Monday, March 21, 2011

Carex divulsa – the un-Berkeley sedge, invasive in California

Once upon a time, California native plant horticultural enthusiasts offered Berkeley sedge (Carex tumulicola Mackenzie, Section Phaestoglochin Dumortier) in the California trade. Sedges, being a perhaps the most speciose natural genus of angiosperms (perhaps 2000 species), are confused, is confusing, and confuse. Whence, a transposition occurred: Carex divulsa Stokes (also of Sect. Phaestoglochin), but native to Eurasia, was somehow conflated in the horticultural trade with C. tumulocola. The result: Carex divulsa is now sold widely: in California easily obtained, used frequently in "native" or "xeric" or "drought resistant" landscape plantings.

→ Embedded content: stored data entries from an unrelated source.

(* Let $k\ge2$ be an integer and $n\in\mathbb Z$, and suppose that $H=(L_k^{(0)})^2$ is invertible (over $\mathbb Q$). Then $L_k^{(n)}$ is invertible and its inverse is $L_k^{(-n)}H^{-1}$.
   Context: Fix an integer $k\ge2$. Let $Q_k$ be the $k\times k$ matrix whose first row is all ones, with $(Q_k)_{i+1,i}=1$ for $1\le i\le k-1$ and all other entries $0$, and for $r\in\mathbb Z$ let $Q_k^r$ denote its $r$-th power. The generalized Lucas sequence of order $k$, $(l_{k,n})_{n\in\mathbb Z}$, is the two-sided sequence satisfying $l_{k,n+k}=l_{k,n+k-1}+\dots+l_{k,n}$ for all $n\in\mathbb Z$ with initial values $l_{k,r}=\operatorname{trace}(Q_k^r)$ for $0\le r\le k-1$ (so $l_{k,0}=k$ and $l_{k,r}=2^r-1$ for $1\le r\le k-1$). For $n\in\mathbb Z$ the generalized Lucas matrix $L_k^{(n)}$ is the $k\times k$ matrix with entries $(L_k^{(n)})_{i,1}=l_{k,k+n-i}$ and $(L_k^{(n)})_{i,j}=\sum_{m=n-i+j-1}^{k+n-i-1} l_{k,m}$ for $2\le j\le k$, $1\le i\le k$. *)

theory Defs
  imports "Jordan_Normal_Form.Matrix"
begin

definition mtrace :: "'a::comm_ring_1 mat \<Rightarrow> 'a" where
  "mtrace A = (\<Sum>i<dim_row A. A $$ (i, i))"

definition Qk :: "nat \<Rightarrow> rat mat" where
  "Qk k = mat k k (\<lambda>(i, j). if i = 0 then 1 else if i = j + 1 then 1 else 0)"

definition lucas :: "nat \<Rightarrow> int \<Rightarrow> rat" where
  "lucas k = (THE f. (\<forall>n::int. f (n + int k) = (\<Sum>i<k. f (n + int i))) \<and>
                     (\<forall>r<k. f (int r) = mtrace (Qk k ^\<^sub>m r)))"

(* generalized Lucas matrix L_k^(n); paper's 1-based (i,j) is (i+1,j+1) here *)
definition lucas_mat :: "nat \<Rightarrow> int \<Rightarrow> rat mat" where
  "lucas_mat k n = mat k k (\<lambda>(i, j).
     let i' = int i + 1; j' = int j + 1 in
     if j' = 1 then lucas k (int k + n - i')
     else (\<Sum>m\<in>{n - i' + j' - 1 .. int k + n - i' - 1}. lucas k m))"

end

theory Submission
  imports Defs "Jordan_Normal_Form.Determinant"
begin

(* The recurrence l(n+k) = l(n) + ... + l(n+k-1) can be run backwards because the coefficient
   of l(n) is 1, so the two-sided Lucas sequence is well defined. Read as functions of n - i, the
   columns of L_k^(n) are sums of shifts of it and so satisfy the same recurrence; this gives
   Q_k L_k^(n) = L_k^(n+1) = L_k^(n) Q_k. Hence L_k^(a+1) L_k^(b) = L_k^(a) L_k^(b+1), the product
   L_k^(a) L_k^(b) depends only on a + b, and L_k^(n) L_k^(-n) = (L_k^(0))^2 = H. Over a field a
   one-sided inverse of a square matrix is two-sided, which finishes the proof. *)

definition kbonacci :: "nat \<Rightarrow> (int \<Rightarrow> 'a::comm_monoid_add) \<Rightarrow> bool" where
  "kbonacci k f \<longleftrightarrow> (\<forall>n. f (n + int k) = (\<Sum>i<k. f (n + int i)))"

lemma kbonacci_shift:
  assumes "kbonacci k f"
  shows "kbonacci k (\<lambda>t. f (t + c))"
  unfolding kbonacci_def
proof
  fix n
  have "f (n + c + int k) = (\<Sum>i<k. f (n + c + int i))"
    using assms unfolding kbonacci_def by blast
  then show "f (n + int k + c) = (\<Sum>i<k. f (n + int i + c))"
    by (simp add: ac_simps)
qed

lemma kbonacci_sum:
  assumes "\<And>j. j \<in> A \<Longrightarrow> kbonacci k (f j)"
  shows "kbonacci k (\<lambda>t. \<Sum>j\<in>A. f j t)"
  unfolding kbonacci_def
proof
  fix n
  have "(\<Sum>j\<in>A. f j (n + int k)) = (\<Sum>j\<in>A. \<Sum>i<k. f j (n + int i))"
    using assms unfolding kbonacci_def by simp
  also have "\<dots> = (\<Sum>i<k. \<Sum>j\<in>A. f j (n + int i))"
    by (rule sum.swap)
  finally show "(\<Sum>j\<in>A. f j (n + int k)) = (\<Sum>i<k. \<Sum>j\<in>A. f j (n + int i))" .
qed

lemma kbonacci_diff:
  fixes f g :: "int \<Rightarrow> 'a::ab_group_add"
  assumes "kbonacci k f" and "kbonacci k g"
  shows "kbonacci k (\<lambda>t. f t - g t)"
  using assms unfolding kbonacci_def by (simp add: sum_subtractf)

lemma kbonacci_succ_eq_sum_prev:
  assumes "kbonacci k f"
  shows "f (n + 1) = (\<Sum>r<k. f (n - int r))"
proof -
  have "(\<Sum>r<k. f (n - int r)) = (\<Sum>r<k. f (n + 1 - int k + int (k - Suc r)))"
    by (intro sum.cong) (auto simp: of_nat_diff)
  also have "\<dots> = (\<Sum>r<k. f (n + 1 - int k + int r))"
    by (rule sum.nat_diff_reindex)
  also have "\<dots> = f (n + 1)"
    using assms unfolding kbonacci_def by (metis diff_add_cancel)
  finally show ?thesis by simp
qed
(* Let $\mathcal{G}=(V,E)$ be an unweighted simple directed graph, let $i\in V$, and let $\phi$ be a spanning converging forest chosen uniformly at random from the set $\mathcal{F}$ of all spanning converging forests of $\mathcal{G}$. Then $$\overline{\omega}_{ii}(\phi)=\frac{1}{1+d_i}\Big(1+\sum_{k\in N^-_i}\widehat{\omega}_{ik}(\phi)\Big)$$ is an unbiased estimator of $\omega_{ii}$, its variance is $${\rm Var}(\overline{\omega}_{ii})=\frac{3\omega_{ii}}{1+d_i}-\frac{2}{(1+d_i)^2}-\omega_{ii}^2,$$ and this variance is always less than or equal to the variance of the estimator $\widehat{\omega}_{ii}(\phi)$.
   Context: $\mathcal{G}=(V,E)$ has $n$ nodes; $a_{ij}=1$ if $(i,j)\in E$ and $0$ otherwise. $d_i=\sum_j a_{ij}$ is the out-degree of $i$, $\mathbf{D}=\mathrm{diag}(d_1,\dots,d_n)$, $\mathbf{L}=\mathbf{D}-\mathbf{A}$, and the forest matrix is $\mathbf{\Omega}=(\mathbf{I}+\mathbf{L})^{-1}=(\omega_{ij})$. $N^-_i=\{k:(k,i)\in E\}$ is the set of in-neighbors of $i$. A rooted converging tree is a weakly connected digraph without cycles in which one node (the root) has out-degree $0$ and every other node has out-degree $1$ (an isolated node is such a tree rooted at itself). A spanning converging forest of $\mathcal{G}$ is a spanning subgraph (all of $V$, a subset of $E$) whose weakly connected components are rooted converging trees; $r_\phi(i)$ is the root of the tree of $\phi$ containing $i$. The basic estimator is $\widehat{\omega}_{ij}(\phi)=\mathbb{I}_{\{r_\phi(i)=j\}}$ (1 if $r_\phi(i)=j$, else 0). *)

theory Defs
  imports "HOL-Probability.Probability"
begin

definition adj_matrix :: "('n::finite \<times> 'n) set \<Rightarrow> real^'n^'n" where
  "adj_matrix E = (\<chi> i j. if (i, j) \<in> E then 1 else 0)"

definition out_deg :: "('n::finite \<times> 'n) set \<Rightarrow> 'n \<Rightarrow> nat" where
  "out_deg E i = card {j. (i, j) \<in> E}"

definition degree_matrix :: "('n::finite \<times> 'n) set \<Rightarrow> real^'n^'n" where
  "degree_matrix E = (\<chi> i j. if i = j then real (out_deg E i) else 0)"
(* Let $\mathcal H=(M,n,\mathcal R)$ be a BMS, $x_0\in\mathbb R^n$ and $\gamma>0$. There exists an $\mathcal H$-closed convex polytope $P$ with $x_0\in P\subseteq \{y\in\mathbb R^n:\|y-x_0\|\le\gamma\}$ if and only if for every vector $v\in\mathbb R^n$ there is a mode $m\in M$ such that $v\cdot r\ge 0$ for all $r\in\mathcal R(m)$.
   Context: A multi-mode system is a tuple $\mathcal H=(M,n,\mathcal R)$ with $M$ a finite nonempty set of modes, $n\ge1$ variables, and $\mathcal R:M\to 2^{\mathbb R^n}$ giving nonempty rate sets; it is a BMS if each $\mathcal R(m)$ is a bounded convex polytope. A convex polytope $P\subseteq\mathbb R^n$ is $\mathcal H$-closed if for every vertex $c$ of $P$ there exist a mode $m\in M$ and $\tau>0$ such that $c+t\,r\in P$ for all $r\in\mathcal R(m)$ and all $t\in[0,\tau]$. $\|\cdot\|$ is the Euclidean norm and $\cdot$ the standard dot product. *)

theory Defs
  imports "HOL-Analysis.Analysis"
begin

text \<open>A multi-mode system with mode set M (finite, nonempty) and rate sets R m in R^n
  (n = CARD('n)).\<close>
definition BMS :: "'m set \<Rightarrow> ('m \<Rightarrow> (real^'n) set) \<Rightarrow> bool" where
  "BMS M R \<longleftrightarrow> finite M \<and> M \<noteq> {} \<and> (\<forall>m\<in>M. R m \<noteq> {} \<and> polytope (R m))"

definition H_closed :: "'m set \<Rightarrow> ('m \<Rightarrow> (real^'n) set) \<Rightarrow> (real^'n) set \<Rightarrow> bool" where
  "H_closed M R P \<longleftrightarrow>
     (\<forall>c. c extreme_point_of P \<longrightarrow>
        (\<exists>m\<in>M. \<exists>\<tau>>0. \<forall>r\<in>R m. \<forall>t\<in>{0..\<tau>}. c + t *\<^sub>R r \<in> P))"

end

theory Submission
  imports Defs
begin

text \<open>Necessity: \<open>v \<bullet> _\<close> attains its minimum over the polytope at a vertex \<open>c\<close>, and a mode
  that keeps \<open>c\<close> inside the polytope for a short time cannot decrease \<open>v \<bullet> _\<close>.
  Sufficiency: take the zonotope spanned around \<open>x0\<close> by all (small multiples of) vertices \<open>g\<close>
  of all rate sets. A vertex \<open>c\<close> of the zonotope is exposed by some \<open>a\<close>; every generator with
  \<open>a \<bullet> g \<le> 0\<close> must enter \<open>c\<close> with sign \<open>-1\<close>, so \<open>c + 2g\<close> is again a corner. Choosing the mode
  for \<open>v = -a\<close> makes all its vertices such generators, and convexity does the rest.\<close>

lemma polytope_inner_minimum_at_extreme_point:
  fixes P :: "'a::euclidean_space set"
  assumes "polytope P" "P \<noteq> {}"
  obtains c where "c extreme_point_of P" "\<And>x. x \<in> P \<Longrightarrow> v \<bullet> c \<le> v \<bullet> x"
proof -
  define E where "E = {x. x extreme_point_of P}"
  have P_eq: "P = convex hull E"
    using assms(1) Krein_Milman_polytope unfolding E_def polytope_def by blast
  have "finite E"
    unfolding E_def using assms(1) by (simp add: finite_polyhedron_extreme_points polytope_imp_polyhedron)
  moreover have "E \<noteq> {}" using assms(2) P_eq by auto
  ultimately obtain c where c: "c \<in> E" "\<And>e. e \<in> E \<Longrightarrow> v \<bullet> c \<le> v \<bullet> e"
    using ex_is_arg_min_if_finite[of E "(\<bullet>) v"] by (auto simp: is_arg_min_linorder)
  have "P \<subseteq> {x. v \<bullet> c \<le> v \<bullet> x}"
    unfolding P_eq by (rule hull_minimal) (use c(2) convex_halfspace_ge in auto)
  then show thesis using that c(1) unfolding E_def by blast
qed

lemma convex_contains_convex_hull_directions:
  fixes P :: "'a::real_vector set"
  assumes "convex P" "c \<in> P" "\<tau> > 0" "\<And>g. g \<in> V \<Longrightarrow> c + \<tau> *\<^sub>R g \<in> P"
    and "r \<in> convex hull V" "t \<in> {0..\<tau>}"
  shows "c + t *\<^sub>R r \<in> P"
proof -
  have "c + t *\<^sub>R g \<in> P" if "g \<in> V" for g
  proof -
    define u where "u = t / \<tau>"
    have "0 \<le> u" "u \<le> 1" unfolding u_def using assms(3,6) by auto
    then have "(1 - u) *\<^sub>R c + u *\<^sub>R (c + \<tau> *\<^sub>R g) \<in> P"
      using assms(1,2,4) that by (simp add: convex_def)
    moreover have "(1 - u) *\<^sub>R c + u *\<^sub>R (c + \<tau> *\<^sub>R g) = c + t *\<^sub>R g"
      unfolding u_def using assms(3) by (simp add: algebra_simps)
    ultimately show ?thesis by simp
  qed
  then have "convex hull ((\<lambda>g. c + t *\<^sub>R g) ` V) \<subseteq> P"
    using assms(1) by (intro hull_minimal) auto
  then show ?thesis
    using assms(5) by (auto simp: convex_hull_affinity)
qed

definition zonotope_corners :: "'a::real_vector \<Rightarrow> 'a set \<Rightarrow> 'a set" where
  "zonotope_corners x0 G = (\<lambda>\<sigma>. x0 + (\<Sum>g\<in>G. \<sigma> g *\<^sub>R g)) ` (G \<rightarrow>\<^sub>E {-1, 1})"

definition zonotope :: "'a::real_vector \<Rightarrow> 'a set \<Rightarrow> 'a set" where
  "zonotope x0 G = convex hull (zonotope_corners x0 G)"

lemma polytope_zonotope:
  fixes G :: "'a::euclidean_space set"
  assumes "finite G"
  shows "polytope (zonotope x0 G)"
  unfolding polytope_def zonotope_def
  by (intro exI[of _ "zonotope_corners x0 G"]) (simp add: zonotope_corners_def finite_PiE assms)

lemma zonotope_corners_subset_zonotope: "zonotope_corners x0 G \<subseteq> zonotope x0 G"
  unfolding zonotope_def by (rule hull_subset)

lemma center_in_zonotope: "x0 \<in> zonotope x0 G"
proof -
  let ?s = "\<Sum>g\<in>G. g"
  have "restrict (\<lambda>_. 1) G \<in> G \<rightarrow>\<^sub>E {-1, 1}" "restrict (\<lambda>_. -1) G \<in> G \<rightarrow>\<^sub>E {-1, 1}"
    by auto
  then have "x0 + (\<Sum>g\<in>G. restrict (\<lambda>_. 1) G g *\<^sub>R g) \<in> zonotope_corners x0 G"
    "x0 + (\<Sum>g\<in>G. restrict (\<lambda>_. -1) G g *\<^sub>R g) \<in> zonotope_corners x0 G"
    unfolding zonotope_corners_def by (blast intro: imageI)+
  then have "x0 + ?s \<in> zonotope x0 G" "x0 - ?s \<in> zonotope x0 G"
    using zonotope_corners_subset_zonotope by (auto simp: sum_negf)
  then have "midpoint (x0 + ?s) (x0 - ?s) \<in> zonotope x0 G"
    using closed_segment_subset[of _ "zonotope x0 G"] midpoint_in_closed_segment
    unfolding zonotope_def by (meson convex_convex_hull subsetD)
  then show ?thesis by (simp add: midpoint_eq_iff[of _ _ x0, THEN iffD2])
qed

lemma zonotope_subset_cball:
  fixes G :: "'a::real_normed_vector set"
  shows "zonotope x0 G \<subseteq> cball x0 (\<Sum>g\<in>G. norm g)"
  unfolding zonotope_def
proof (intro hull_minimal subsetI)
  fix y assume "y \<in> zonotope_corners x0 G"
  then obtain \<sigma> where \<sigma>: "\<sigma> \<in> G \<rightarrow>\<^sub>E {-1, 1}" "y = x0 + (\<Sum>g\<in>G. \<sigma> g *\<^sub>R g)"
    unfolding zonotope_corners_def by blast
  have "norm (\<Sum>g\<in>G. \<sigma> g *\<^sub>R g) \<le> (\<Sum>g\<in>G. norm (\<sigma> g *\<^sub>R g))" by (rule norm_sum)
  also have "\<dots> = (\<Sum>g\<in>G. norm g)"
    by (rule sum.cong) (use \<sigma>(1) in \<open>auto simp: PiE_def Pi_def\<close>)
  finally show "y \<in> cball x0 (\<Sum>g\<in>G. norm g)" using \<sigma>(2) by (simp add: dist_norm)
qed (simp add: convex_cball)

lemma zonotope_scaleR_subset_cball:
  fixes G :: "'a::real_normed_vector set"
  assumes "\<epsilon> > 0"
  shows "zonotope x0 ((*\<^sub>R) \<epsilon> ` G) \<subseteq> cball x0 (\<epsilon> * (\<Sum>g\<in>G. norm g))"
proof -
  have "(\<Sum>g\<in>(*\<^sub>R) \<epsilon> ` G. norm g) = \<epsilon> * (\<Sum>g\<in>G. norm g)"
    using assms by (simp add: sum.reindex inj_on_def sum_distrib_left)
  then show ?thesis using zonotope_subset_cball by metis
qed

lemma flip_in_zonotope_corners:
  assumes "finite G" "\<sigma> \<in> G \<rightarrow>\<^sub>E {-1, 1}" "g \<in> G" "s \<in> {-1, 1}"
  shows "x0 + (\<Sum>h\<in>G. \<sigma> h *\<^sub>R h) + (s - \<sigma> g) *\<^sub>R g \<in> zonotope_corners x0 G"
proof -
  let ?rest = "\<Sum>h\<in>G - {g}. \<sigma> h *\<^sub>R h"
  have "(\<Sum>h\<in>G. (\<sigma>(g := s)) h *\<^sub>R h) = s *\<^sub>R g + (\<Sum>h\<in>G - {g}. (\<sigma>(g := s)) h *\<^sub>R h)"
    using sum.remove[OF assms(1,3), of "\<lambda>h. (\<sigma>(g := s)) h *\<^sub>R h"] by simp
  also have "(\<Sum>h\<in>G - {g}. (\<sigma>(g := s)) h *\<^sub>R h) = ?rest"
    by (rule sum.cong) auto
  also have "s *\<^sub>R g + ?rest = (\<sigma> g *\<^sub>R g + ?rest) + (s - \<sigma> g) *\<^sub>R g"
    by (simp add: algebra_simps)
  also have "\<sigma> g *\<^sub>R g + ?rest = (\<Sum>h\<in>G. \<sigma> h *\<^sub>R h)"
    using sum.remove[OF assms(1,3), of "\<lambda>h. \<sigma> h *\<^sub>R h"] by simp
  finally have "x0 + (\<Sum>h\<in>G. \<sigma> h *\<^sub>R h) + (s - \<sigma> g) *\<^sub>R g = x0 + (\<Sum>h\<in>G. (\<sigma>(g := s)) h *\<^sub>R h)"
    by (simp add: add.assoc)
  moreover have "\<sigma>(g := s) \<in> G \<rightarrow>\<^sub>E {-1, 1}"
    using assms(2-4) by (auto simp: PiE_def extensional_def Pi_def)
  ultimately show ?thesis unfolding zonotope_corners_def by (rule image_eqI)
qed

lemma extreme_point_of_zonotope_add_generators:
  fixes G :: "'a::euclidean_space set"
  assumes "finite G" "c extreme_point_of zonotope x0 G"
  obtains a where "\<And>g. g \<in> G \<Longrightarrow> a \<bullet> g \<le> 0 \<Longrightarrow> c + 2 *\<^sub>R g \<in> zonotope x0 G"
proof -
  let ?Z = "zonotope x0 G"
  have "{c} exposed_face_of ?Z"
    using assms polytope_zonotope exposed_face_of_polyhedron polytope_imp_polyhedron face_of_singleton
    by blast
  then obtain a b where ab: "?Z \<subseteq> {x. a \<bullet> x \<le> b}" "{c} = ?Z \<inter> {x. a \<bullet> x = b}"
    unfolding exposed_face_of_def by blast
  have "c \<in> zonotope_corners x0 G"
    using assms(2) unfolding zonotope_def by (rule extreme_point_of_convex_hull)
  then obtain \<sigma> where \<sigma>: "\<sigma> \<in> G \<rightarrow>\<^sub>E {-1, 1}" "c = x0 + (\<Sum>h\<in>G. \<sigma> h *\<^sub>R h)"
    unfolding zonotope_corners_def by blast
  have flip: "c + (s - \<sigma> g) *\<^sub>R g \<in> ?Z" if "g \<in> G" "s \<in> {-1, 1}" for g s
    using flip_in_zonotope_corners[OF assms(1) \<sigma>(1) that] zonotope_corners_subset_zonotope \<sigma>(2)
    by blast
  have "c + 2 *\<^sub>R g \<in> ?Z" if g: "g \<in> G" "a \<bullet> g \<le> 0" for g
  proof (cases "g = 0")
    case True
    then show ?thesis using ab(2) by auto
  next
    case False
    have "\<sigma> g = -1"
    proof (rule ccontr)
      assume "\<sigma> g \<noteq> -1"
      then have "\<sigma> g = 1" using \<sigma>(1) g(1) by auto
      then have c': "c - 2 *\<^sub>R g \<in> ?Z" using flip[OF g(1), of "-1"] by simp
      \<comment> \<open>since \<open>a \<bullet> g \<le> 0\<close>, the point \<open>c - 2g\<close> also lies on the exposing hyperplane\<close>
      have "a \<bullet> (c - 2 *\<^sub>R g) = b"
        using ab c' g(2) by (force simp: inner_diff_right)
      then have "c - 2 *\<^sub>R g = c" using ab(2) c' by blast
      then show False using False by simp
    qed
    then show ?thesis using flip[OF g(1), of 1] by simp
  qed
  then show thesis by (rule that)
qed

lemma H_closed_zonotope:
  fixes R :: "'m \<Rightarrow> (real^'n) set"
  assumes "finite G" "\<epsilon> > 0"
    and V: "\<And>m. m \<in> M \<Longrightarrow> R m = convex hull (V m) \<and> V m \<subseteq> G"
    and modes: "\<forall>v. \<exists>m\<in>M. \<forall>r\<in>R m. v \<bullet> r \<ge> 0"
  shows "H_closed M R (zonotope x0 ((*\<^sub>R) \<epsilon> ` G))"
  unfolding H_closed_def
proof (intro allI impI)
  let ?Z = "zonotope x0 ((*\<^sub>R) \<epsilon> ` G)"
  fix c assume c: "c extreme_point_of ?Z"
  then obtain a where advance: "\<And>g. g \<in> (*\<^sub>R) \<epsilon> ` G \<Longrightarrow> a \<bullet> g \<le> 0 \<Longrightarrow> c + 2 *\<^sub>R g \<in> ?Z"
    using extreme_point_of_zonotope_add_generators assms(1) by blast
  obtain m where m: "m \<in> M" "\<forall>r\<in>R m. (- a) \<bullet> r \<ge> 0" using modes by blast
  have "c + (2 * \<epsilon>) *\<^sub>R g \<in> ?Z" if "g \<in> V m" for g
  proof -
    have "g \<in> R m" using V[OF m(1)] that hull_inc by metis
    then have "a \<bullet> (\<epsilon> *\<^sub>R g) \<le> 0" using m(2) assms(2) by (simp add: mult_nonneg_nonpos)
    then show ?thesis using advance[of "\<epsilon> *\<^sub>R g"] V[OF m(1)] that by auto
  qed
  moreover have "c \<in> ?Z" using c extreme_point_of_def by blast
  ultimately have "\<forall>r\<in>R m. \<forall>t\<in>{0..2 * \<epsilon>}. c + t *\<^sub>R r \<in> ?Z"
    using V[OF m(1)] assms(2) convex_contains_convex_hull_directions[of ?Z c "2 * \<epsilon>" "V m"]
    unfolding zonotope_def by auto
  then show "\<exists>m\<in>M. \<exists>\<tau>>0. \<forall>r\<in>R m. \<forall>t\<in>{0..\<tau>}. c + t *\<^sub>R r \<in> ?Z"
    using m(1) assms(2) by (intro bexI[of _ m] exI[of _ "2 * \<epsilon>"]) auto
qed

lemma H_closed_polytope_nonneg_mode:
  fixes R :: "'m \<Rightarrow> (real^'n) set"
  assumes "polytope P" "P \<noteq> {}" "H_closed M R P"
  shows "\<exists>m\<in>M. \<forall>r\<in>R m. v \<bullet> r \<ge> 0"
proof -
  obtain c where c: "c extreme_point_of P" "\<And>x. x \<in> P \<Longrightarrow> v \<bullet> c \<le> v \<bullet> x"
    using polytope_inner_minimum_at_extreme_point assms(1,2) by blast
  then obtain m \<tau> where m: "m \<in> M" "\<tau> > 0" "\<forall>r\<in>R m. c + \<tau> *\<^sub>R r \<in> P"
    using assms(3) unfolding H_closed_def by (meson atLeastAtMost_iff less_imp_le order_refl)
  have "v \<bullet> r \<ge> 0" if "r \<in> R m" for r
    using c(2)[of "c + \<tau> *\<^sub>R r"] m(2,3) that by (simp add: inner_add_right zero_le_mult_iff)
  then show ?thesis using m(1) by blast
qed

theorem lemma1:
  fixes M :: "'m set" and R :: "'m \<Rightarrow> (real^'n) set" and x0 :: "real^'n" and \<gamma> :: real
  assumes "BMS M R" and "\<gamma> > 0"
  shows "(\<exists>P. polytope P \<and> H_closed M R P \<and> x0 \<in> P \<and> P \<subseteq> cball x0 \<gamma>) \<longleftrightarrow>
         (\<forall>v::real^'n. \<exists>m\<in>M. \<forall>r\<in>R m. v \<bullet> r \<ge> 0)"
proof
  assume "\<exists>P. polytope P \<and> H_closed M R P \<and> x0 \<in> P \<and> P \<subseteq> cball x0 \<gamma>"
  then show "\<forall>v::real^'n. \<exists>m\<in>M. \<forall>r\<in>R m. v \<bullet> r \<ge> 0"
    using H_closed_polytope_nonneg_mode by blast
next
  assume modes: "\<forall>v::real^'n. \<exists>m\<in>M. \<forall>r\<in>R m. v \<bullet> r \<ge> 0"
  obtain V where V: "\<And>m. m \<in> M \<Longrightarrow> finite (V m) \<and> R m = convex hull (V m)"
    using assms(1) unfolding BMS_def polytope_def by metis
  define G where "G = (\<Union>m\<in>M. V m)"
  have "finite G" unfolding G_def using assms(1) V by (simp add: BMS_def)
  define K where "K = (\<Sum>g\<in>G. norm g)"
  define \<epsilon> where "\<epsilon> = \<gamma> / (1 + K)"
  define P where "P = zonotope x0 ((*\<^sub>R) \<epsilon> ` G)"
  have "K \<ge> 0" unfolding K_def by (simp add: sum_nonneg)
  then have "\<epsilon> > 0" "\<epsilon> * K \<le> \<gamma>"
    unfolding \<epsilon>_def using assms(2) by (simp_all add: field_simps)
  then have "P \<subseteq> cball x0 \<gamma>"
    unfolding P_def K_def using zonotope_scaleR_subset_cball subset_cball by blast
  moreover have "H_closed M R P"
    unfolding P_def using \<open>finite G\<close> \<open>\<epsilon> > 0\<close> V modes
    by (intro H_closed_zonotope) (auto simp: G_def)
  moreover have "polytope P" "x0 \<in> P"
    unfolding P_def using \<open>finite G\<close> by (simp_all add: polytope_zonotope center_in_zonotope)
  ultimately show "\<exists>P. polytope P \<and> H_closed M R P \<and> x0 \<in> P \<and> P \<subseteq> cball x0 \<gamma>"
    by blast
qed

end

Carex divulsa, at least in mesic, coastal central California, is thus established. The photograph is of a seeding, one of many, that volunteered on the periphery of a C. divulsa purchased at a generic-grade garden center of a major hardware retailer (names withheld to protect the innocent).

Carex divulsa is neither xeric nor native. Its ecological preference in its native range is as a moderate to obligate mesophyte or subhydrophyte.

Carex divulsa will be spreading in Californa. One only has to visit the planting beds in the vicinity of the UC Santa Cruz Science Library to witness this: these plants are now, perhaps 8 yr after coming out of a 1-gallon can, clumps to 2 feet diameter and spreading babies about with abject rapaciousness.